Importing everything we need to start the project

In [17]:
import yfinance as yf
import pandas as pd
from sklearn.ensemble import RandomForestClassifier
from sklearn.metrics import precision_score
import os

Loading the s&p500 data that we downloaded or download it from yahoo finance API if it doesn't exist

In [18]:
sp500 = pd.read_csv("sp500.csv", index_col=0) if os.path.exists("sp500.csv") else yf.Ticker("^GSPC").history(period="max")

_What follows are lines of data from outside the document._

lemma even_approx_poly_cos:
  fixes f :: "real \<Rightarrow> real"
  assumes cont: "continuous_on {-pi..pi} f"
    and even: "\<And>t. t \<in> {-pi..pi} \<Longrightarrow> f (-t) = f t"
    and "e > 0"
  obtains p where "\<And>x. x \<in> {-pi..pi} \<Longrightarrow> \<bar>f x - poly p (cos x)\<bar> < e"
proof -
  define P where "P = (\<lambda>h::real \<Rightarrow> real. \<exists>p. h = (\<lambda>x. poly p (cos x)))"
  have "\<exists>h. P h \<and> (\<forall>x\<in>{0..pi}. \<bar>f x - h x\<bar> < e)"
  proof (rule Stone_Weierstrass_HOL)
    show "P (\<lambda>x. c)" for c
      unfolding P_def by (rule exI[of _ "[:c:]"]) simp
    show "continuous_on {0..pi} h" if "P h" for h
      using that unfolding P_def by (auto intro!: continuous_intros)
    show "P (\<lambda>x. h x + h' x)" "P (\<lambda>x. h x * h' x)" if "P h \<and> P h'" for h h'
    proof -
      from that obtain p q where "h = (\<lambda>x. poly p (cos x))" "h' = (\<lambda>x. poly q (cos x))"
        unfolding P_def by blast
      then show "P (\<lambda>x. h x + h' x)" "P (\<lambda>x. h x * h' x)"
        unfolding P_def by (simp_all add: exI[of _ "p + q"] exI[of _ "p * q"])
    qed
    show "\<exists>h. P h \<and> h x \<noteq> h y" if "x \<in> {0..pi} \<and> y \<in> {0..pi} \<and> x \<noteq> y" for x y
      using that cos_inj_pi unfolding P_def by (intro exI[of _ cos]) (auto intro!: exI[of _ "[:0, 1:]"])
    show "continuous_on {0..pi} f"
      using cont by (rule continuous_on_subset) auto
  qed (use \<open>e > 0\<close> in auto)
  then obtain p where p: "\<And>x. x \<in> {0..pi} \<Longrightarrow> \<bar>f x - poly p (cos x)\<bar> < e"
    unfolding P_def by blast
  have "\<bar>f x - poly p (cos x)\<bar> < e" if "x \<in> {-pi..pi}" for x
  proof (cases "x \<ge> 0")
    case True
    with that p show ?thesis by simp
  next
    case False
    with that p[of "-x"] even[of x] show ?thesis by simp
  qed
  then show ?thesis
    using that by blast
qed

lemma even_orthogonal_cos_imp_zero:
  fixes f :: "real \<Rightarrow> real"
  assumes cont: "continuous_on {-pi..pi} f"
    and even: "\<And>t. t \<in> {-pi..pi} \<Longrightarrow> f (-t) = f t"
    and orth: "\<And>n::nat. integral {-pi..pi} (\<lambda>t. f t * cos (real n * t)) = 0"
    and t: "t \<in> {-pi..pi}"
  shows "f t = 0"
proof -
  obtain B where B: "B > 0" "\<And>x. x \<in> {-pi..pi} \<Longrightarrow> \<bar>f x\<bar> \<le> B"
    using compact_imp_bounded[OF compact_continuous_image[OF cont compact_Icc]]
    unfolding bounded_pos by auto
  have sq_int: "(\<lambda>x. f x * f x) integrable_on {-pi..pi}"
    by (intro integrable_continuous_interval continuous_intros cont)
  \<comment> \<open>f is orthogonal to every polynomial in cos, which approximates f uniformly\<close>
  have small: "integral {-pi..pi} (\<lambda>x. f x * f x) \<le> 2 * pi * B * e" if "e > 0" for e
  proof -
    obtain p where p: "\<And>x. x \<in> {-pi..pi} \<Longrightarrow> \<bar>f x - poly p (cos x)\<bar> < e"
      using even_approx_poly_cos[OF cont even \<open>e > 0\<close>] by blast
    have "(\<lambda>x. f x * poly p (cos x)) integrable_on {-pi..pi}"
      by (intro integrable_continuous_interval continuous_intros cont)
    then have "integral {-pi..pi} (\<lambda>x. f x * f x) - integral {-pi..pi} (\<lambda>x. f x * poly p (cos x)) =
        integral {-pi..pi} (\<lambda>x. f x * (f x - poly p (cos x)))"
      unfolding right_diff_distrib by (rule integral_diff[OF sq_int, symmetric])
    then have "integral {-pi..pi} (\<lambda>x. f x * f x) = integral {-pi..pi} (\<lambda>x. f x * (f x - poly p (cos x)))"
      by (simp add: integral_mult_poly_cos[OF cont orth])
    also have "\<dots> \<le> integral {-pi..pi} (\<lambda>x. B * e)"
    proof (rule integral_le)
      fix x
      assume x: "x \<in> {-pi..pi}"
      have "f x * (f x - poly p (cos x)) \<le> \<bar>f x\<bar> * \<bar>f x - poly p (cos x)\<bar>"
        by (simp flip: abs_mult)
      also have "\<dots> \<le> B * e"
        using B(2)[OF x] p[OF x] B(1) by (intro mult_mono) auto
      finally show "f x * (f x - poly p (cos x)) \<le> B * e" .
    qed (auto intro!: integrable_continuous_interval continuous_intros cont)
    finally show ?thesis
      by (simp add: ac_simps)
  qed
  have "integral {-pi..pi} (\<lambda>x. f x * f x) \<le> 0"
  proof (rule field_le_epsilon)
    fix e :: real
    assume "e > 0"
    then have "integral {-pi..pi} (\<lambda>x. f x * f x) \<le> 2 * pi * B * (e / (2 * pi * B))"
      using B(1) by (intro small) simp
    then show "integral {-pi..pi} (\<lambda>x. f x * f x) \<le> 0 + e"
      using B(1) by (simp add: field_simps)
  qed
  then have "integral {-pi..pi} (\<lambda>x. f x * f x) = 0"
    using integral_nonneg[OF sq_int] by force
  moreover have "continuous_on {-pi..pi} (\<lambda>x. f x * f x)"
    using cont by (rule continuous_on_mult[OF _ cont])
  ultimately have "\<forall>x\<in>{-pi..pi}. f x * f x = 0"
    using integral_eq_0_iff[of "-pi" pi "\<lambda>x. f x * f x"] by simp
  with t show ?thesis
    by simp
qed

lemma fourier_coeffs_zero_imp_zero:
  fixes h :: "real \<Rightarrow> complex"
  assumes cont: "continuous_on {-pi..pi} h"
    and even: "\<And>t. t \<in> {-pi..pi} \<Longrightarrow> h (-t) = h t"
    and coeffs: "\<And>k. integral {-pi..pi} (\<lambda>t. h t * phi k t) = 0"
    and t: "t \<in> {-pi..pi}"
  shows "h t = 0"
proof -
  have int: "(\<lambda>t. h t * phi k t) integrable_on {-pi..pi}" for k
    by (intro integrable_continuous_interval continuous_intros cont)
  have cos_phi: "of_real (cos (real n * t)) = (phi (int n) t + phi (- int n) t) / 2" for n t
    unfolding phi_def cos_of_real[symmetric] cos_exp_eq by (simp add: algebra_simps)
  have orth: "integral {-pi..pi} (\<lambda>t. h t * of_real (cos (real n * t))) = 0" for n
  proof -
    have "integral {-pi..pi} (\<lambda>t. h t * of_real (cos (real n * t))) =
        integral {-pi..pi} (\<lambda>t. (h t * phi (int n) t + h t * phi (- int n) t) / 2)"
      by (simp add: cos_phi distrib_left)
    also have "\<dots> = 0"
      using int by (simp add: integral_add integral_divide coeffs)
    finally show ?thesis .
  qed
  have "F (h t) = 0" if F: "bounded_linear F" for F :: "complex \<Rightarrow> real"
  proof (rule even_orthogonal_cos_imp_zero[OF _ _ _ t])
    show "continuous_on {-pi..pi} (\<lambda>t. F (h t))"
      using continuous_on_compose[OF cont linear_continuous_on[OF F]] by (simp add: o_def)
    show "F (h (-s)) = F (h s)" if "s \<in> {-pi..pi}" for s
      using even[OF that] by simp
    fix n :: nat
    have scale: "F (h s * of_real r) = F (h s) * r" for s r
      using linear_scale[OF bounded_linear.linear[OF F], of r "h s"] by (simp add: scaleR_conv_of_real mult.commute)
    have "(\<lambda>t. h t * of_real (cos (real n * t))) integrable_on {-pi..pi}"
      by (intro integrable_continuous_interval continuous_intros cont)
    from integral_linear[OF this F]
    have "integral {-pi..pi} (\<lambda>t. F (h t) * cos (real n * t)) =
        F (integral {-pi..pi} (\<lambda>t. h t * of_real (cos (real n * t))))"
      by (simp add: o_def scale)
    then show "integral {-pi..pi} (\<lambda>t. F (h t) * cos (real n * t)) = 0"
      by (simp add: orth linear_0[OF bounded_linear.linear[OF F]])
  qed
  from this[OF bounded_linear_Re] this[OF bounded_linear_Im] show ?thesis
    by (simp add: complex_eq_iff)
qed

section \<open>Residue classes on the grid\<close>

lemma phi_grid_eq_1:
  assumes "N > 0" "even N" "int N dvd j"
  shows "phi j (grid N i) = 1"
proof -
  obtain q where q: "j = q * int N"
    using assms(3) by (metis dvd_def mult.commute)
  obtain r where r: "N = 2 * r"
    using assms(2) by blast
  have grid: "of_int (int N) * grid N i = 0 + 2 * pi * of_int (int i - int r)"
    unfolding grid_def using assms(1) r by (simp add: field_simps)
  have "phi j (grid N i) = phi q (of_int (int N) * grid N i)"
    unfolding q phi_int_mult ..
  also have "\<dots> = 1"
    unfolding grid phi_periodic by (simp add: phi_def)
  finally show ?thesis .
qed

lemma sum_phi_grid:
  assumes N: "N > 0" "even N"
  shows "(\<Sum>i<N. phi j (grid N i)) = (if int N dvd j then of_nat N else 0)"
proof (cases "int N dvd j")
  case True
  then show ?thesis
    using phi_grid_eq_1[OF N True] by simp
next
  case False
  define w where "w = phi j (2 * pi / real N)"
  have terms: "phi j (grid N i) = phi j (-pi) * w ^ i" for i
  proof -
    have "grid N i = -pi + real i * (2 * pi / real N)"
      unfolding grid_def by simp
    then show ?thesis
      unfolding w_def by (simp only: phi_add_arg phi_of_nat_mult_arg)
  qed
  have "w ^ N = phi j (0 + 2 * pi * of_int 1)"
    unfolding w_def phi_of_nat_mult_arg[symmetric] using N by simp
  then have wN: "w ^ N = 1"
    unfolding phi_periodic by (simp add: phi_def)
  have "w \<noteq> 1"
  proof
    assume "w = 1"
    then obtain n :: int where "of_int j * (2 * pi / real N) = of_int (2 * n) * pi"
      unfolding w_def phi_def exp_eq_1 by auto
    then have "real_of_int j = real_of_int (n * int N)"
      using N by (simp add: field_simps)
    then have "j = n * int N"
      by (simp only: of_int_eq_iff)
    with False show False
      by simp
  qed
  then have "(\<Sum>i<N. w ^ i) = 0"
    using geometric_sum[of w N] wN by simp
  then show ?thesis
    using False by (simp add: terms sum_distrib_left[symmetric])
qed

definition class_coeffs :: "nat \<Rightarrow> nat \<Rightarrow> (int \<Rightarrow> complex) \<Rightarrow> int \<Rightarrow> complex" where
  "class_coeffs N l c k = (if int N dvd (k - int l) then c k else 0)"

lemma class_coeffs_abs_summable:
  assumes "(\<lambda>k. norm (c k)) summable_on UNIV"
  shows "(\<lambda>k. norm (class_coeffs N l c k)) summable_on UNIV"
  by (rule summable_on_comparison_test[OF assms]) (auto simp: class_coeffs_def)

lemma class_coeffs_orthogonal:
  assumes "k < N" "l < N" "k \<noteq> l"
  shows "class_coeffs N l c j * cnj (class_coeffs N k d j) = 0"
proof (rule ccontr)
  assume "class_coeffs N l c j * cnj (class_coeffs N k d j) \<noteq> 0"
  then have "int N dvd j - int k" "int N dvd j - int l"
    unfolding class_coeffs_def by (auto split: if_splits)
  then have "int N dvd (j - int k) - (j - int l)"
    by (rule dvd_diff)
  then have "int N dvd int l - int k"
    by simp
  moreover have "int l - int k \<noteq> 0"
    using assms by simp
  ultimately have "\<bar>int N\<bar> \<le> \<bar>int l - int k\<bar>"
    by (metis dvd_imp_le_int)
  with assms show False
    by (auto simp: abs_if split: if_splits)
qed

lemma infsum_residue_class:
  assumes "N > 0"
  shows "(\<Sum>\<^sub>\<infinity>m. f (m * int N + int l)) = (\<Sum>\<^sub>\<infinity>k. if int N dvd (k - int l) then f k else 0)"
proof -
  have inj: "inj (\<lambda>m. m * int N + int l)"
    using assms by (auto intro: injI)
  have "range (\<lambda>m. m * int N + int l) = {k. int N dvd (k - int l)}"
    by (auto simp: algebra_simps elim!: dvdE intro: image_eqI[where x = "_ div int N"])
  then have "(\<Sum>\<^sub>\<infinity>m. f (m * int N + int l)) = infsum f {k. int N dvd (k - int l)}"
    using infsum_reindex[OF inj, of f] by (simp add: o_def)
  also have "\<dots> = (\<Sum>\<^sub>\<infinity>k. if int N dvd (k - int l) then f k else 0)"
    by (rule infsum_cong_neutral) auto
  finally show ?thesis .
qed

lemma psi_eq_fourier_sum:
  assumes "N > 0"
  shows "psi g M N l = (\<lambda>x. of_real (1 / sqrt (G1norm g M N l)) * fourier_sum (class_coeffs N l (Gcoef g M)) x)"
proof
  fix x
  have "(\<Sum>\<^sub>\<infinity>m. Gcoef g M (m * int N + int l) * phi (m * int N + int l) x) =
      fourier_sum (class_coeffs N l (Gcoef g M)) x"
    unfolding infsum_residue_class[OF assms, where f = "\<lambda>k. Gcoef g M k * phi k x"] fourier_sum_def
    by (rule infsum_cong) (simp add: class_coeffs_def)
  then show "psi g M N l x = of_real (1 / sqrt (G1norm g M N l)) * fourier_sum (class_coeffs N l (Gcoef g M)) x"
    unfolding psi_def by simp
qed

lemma G1norm_eq_infsum:
  assumes "N > 0"
  shows "G1norm g M N l = (\<Sum>\<^sub>\<infinity>k. norm (class_coeffs N l (Gcoef g M) k))"
  unfolding G1norm_def infsum_residue_class[OF assms, where f = "\<lambda>k. norm (Gcoef g M k)"]
  by (rule infsum_cong) (simp add: class_coeffs_def)

lemma G1norm_nonneg: "G1norm g M N l \<ge> 0"
  unfolding G1norm_def by (simp add: infsum_nonneg)

lemma G2norm_eq_infsum:
  assumes "N > 0"
  shows "G2norm g M N l = sqrt (\<Sum>\<^sub>\<infinity>k. (norm (class_coeffs N l (Gcoef g M) k))\<^sup>2)"
  unfolding G2norm_def infsum_residue_class[OF assms, where f = "\<lambda>k. (norm (Gcoef g M k))\<^sup>2"]
  by (intro arg_cong[where f = sqrt] infsum_cong) (simp add: class_coeffs_def)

We'll process the data in the following way:

+ Converts the index to datetime format.
+ Drops unnecessary columns ("Dividends" and "Stock Splits").
+ Creates a "Tomorrow" column representing the next day's closing price.
+ Creates a "Target" column, where 1 indicates a price increase and 0 indicates a decrease.
+ Filters data from January 1, 1990, onwards.

In [19]:
sp500.head()

Unnamed: 0_level_0,Open,High,Low,Close,Volume,Dividends,Stock Splits
Date,Unnamed: 1_level_1,Unnamed: 2_level_1,Unnamed: 3_level_1,Unnamed: 4_level_1,Unnamed: 5_level_1,Unnamed: 6_level_1,Unnamed: 7_level_1
1927-12-30 00:00:00-05:00,17.66,17.66,17.66,17.66,0,0.0,0.0
1928-01-03 00:00:00-05:00,17.76,17.76,17.76,17.76,0,0.0,0.0
1928-01-04 00:00:00-05:00,17.719999,17.719999,17.719999,17.719999,0,0.0,0.0
1928-01-05 00:00:00-05:00,17.549999,17.549999,17.549999,17.549999,0,0.0,0.0
1928-01-06 00:00:00-05:00,17.66,17.66,17.66,17.66,0,0.0,0.0


In [20]:
sp500.index = pd.to_datetime(sp500.index)
# sp500.drop(["Dividends", "Stock Splits"], axis=1, inplace=True)
sp500["Tomorrow"] = sp500["Close"].shift(-1)
sp500["Target"] = (sp500["Tomorrow"] > sp500["Close"]).astype(int)
sp500 = sp500.loc["1990-01-01":].copy()

We will use the four predictors in the following order: "Close", "Volume", "Open", "High", "Low".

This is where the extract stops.